What's a European saver to do? Sitting on a euro-denominated bank account
generated a 30% loss of real purchasing power during this "recovery," which
for the average European more than offset the trade benefits of a cheaper currency
(hence the recent political turmoil). So going forward, cash is clearly not
an attractive way to preserve capital.
Gold, on the other hand, is made for this kind of situation. In the past decade
it has more-or-less doubled in euro terms. The difference between a 30% loss
and a 100% gain is not lost on the people living through it, so expect European
gold demand to rise going forward.
Meanwhile, the same thing is happening in China, where the yuan has been falling
steadily and is now at a multi-year low to the USD.

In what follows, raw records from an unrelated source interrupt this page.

(* Let $\beta>0$, let $E_0,\dots,E_{d-1}$ be energy levels, and let $\mathbf{p}$ be a probability vector on these levels with $\beta$-order $\pi$. For any ordering $\alpha$ of the levels, let $\mathbf{p}^\alpha=P^{(\pi,\alpha)}\mathbf{p}$. Then $\mathbf{p}^\alpha$ has $\beta$-order $\alpha$, and it is maximal in the sense that there is no probability vector $\mathbf{q}\neq\mathbf{p}^\alpha$ with $\beta$-order $\alpha$ such that $\mathbf{p}\succeq_{\rm th}\mathbf{q}\succeq_{\rm th}\mathbf{p}^\alpha$.
   Context: $\beta$-order: a permutation $\pi$ of $\{0,\dots,d-1\}$ such that $p_{\pi(0)}e^{\beta E_{\pi(0)}}\ge p_{\pi(1)}e^{\beta E_{\pi(1)}}\ge\dots$. Thermo-majorization: the thermo-majorization curve of $\mathbf{p}$ with $\beta$-order $\pi$ is the piecewise linear curve joining $(0,0)$ and the points $\big(\sum_{i=0}^k e^{-\beta E_{\pi(i)}},\sum_{i=0}^k p_{\pi(i)}\big)$, $k=0,\dots,d-1$; $\mathbf{p}\succeq_{\rm th}\mathbf{p}'$ means the curve of $\mathbf{p}$ is never below that of $\mathbf{p}'$. $\beta$-permutation matrix: set $g_m=e^{-\beta E_m}$, $X_m=\sum_{i<m}g_{\alpha(i)}$, $Y_j=\sum_{l<j}g_{\pi(l)}$, and define the $d\times d$ matrix $P^{(\pi,\alpha)}$ by $P^{(\pi,\alpha)}_{\alpha(m)|\pi(j)}=\max\{0,\min(X_{m+1},Y_{j+1})-\max(X_m,Y_j)\}/g_{\pi(j)}$ (entry in row $\alpha(m)$, column $\pi(j)$), acting on column probability vectors. *)

theory Defs
  imports Complex_Main
begin
lemma disc_ret_scale_reward:
  "disc_ret P (\<lambda>s a. c * r s a) \<gamma> \<pi> n t h w = c * disc_ret P r \<gamma> \<pi> n t h w"
  by (induction n arbitrary: t h w) (simp_all add: sum_distrib_left algebra_simps)

lemma disc_ret_uminus_reward:
  "disc_ret P (\<lambda>s a. - r s a) \<gamma> \<pi> n t h w = - disc_ret P r \<gamma> \<pi> n t h w"
  using disc_ret_scale_reward[of P "-1" r] by simp

lemma cond_reward_uminus:
  "cond_reward \<rho> P (\<lambda>s a. - r s a) h a = - cond_reward \<rho> P r h a"
  by (simp add: cond_reward_def sum_negf)

lemma is_policy_nonneg: "is_policy \<pi> \<Longrightarrow> 0 \<le> \<pi> t h a"
  unfolding is_policy_def by blast

lemma is_policy_sum: "is_policy \<pi> \<Longrightarrow> (\<Sum>a\<in>UNIV. \<pi> t h a) = 1"
  unfolding is_policy_def by blast

lemma disc_ret_mono_horizon:
  assumes "is_policy \<pi>" "\<And>s a. 0 \<le> r s a" "\<And>s a s' y. 0 \<le> P s a s' y" "0 \<le> \<gamma>" "\<And>s. 0 \<le> w s"
  shows "disc_ret P r \<gamma> \<pi> n t h w \<le> disc_ret P r \<gamma> \<pi> (Suc n) t h w"
  using assms(5)
proof (induction n arbitrary: t h w)
  case 0
  then show ?case
    using assms(2-4) is_policy_nonneg[OF assms(1)] by (simp add: sum_nonneg)
next
  case (Suc n)
  have "disc_ret P r \<gamma> \<pi> n (Suc t) (hext h a y) (\<lambda>s'. \<Sum>s\<in>UNIV. w s * P s a s' y)
      \<le> disc_ret P r \<gamma> \<pi> (Suc n) (Suc t) (hext h a y) (\<lambda>s'. \<Sum>s\<in>UNIV. w s * P s a s' y)" for a y
    using assms(3) Suc.prems by (intro Suc.IH) (simp add: sum_nonneg)
  then show ?case
    using is_policy_nonneg[OF assms(1)]
    by (subst (1 2) disc_ret.simps) (intro sum_mono mult_left_mono add_left_mono; simp)
qed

The difference is that many Chinese seemed to have understood what was coming
and have for the past decade been loading up on gold. The result: currency
devaluation actually improves the finances of large numbers of gold-owning
citizens.
For Americans there are two lessons here:
1) Because we're making the same mistakes as Europe and China - borrowing
more than we can ever hope to pay off and papering the growing mess over with
artificially-low interest rates and aggressive currency creation - the dollar
won't last long as the only major currency that's appreciating. We'll eventually
be forced to devalue, which will take the currency war to a new and vastly
more dangerous stage.
2) When the above happens gold will soar in dollar terms just as it is now
rising in euro and yuan terms. So today's US savers have a choice of role models:
Will we be impoverished Europeans with shrinking bank accounts or enriched
Chinese with ever-more-valuable stacks of gold?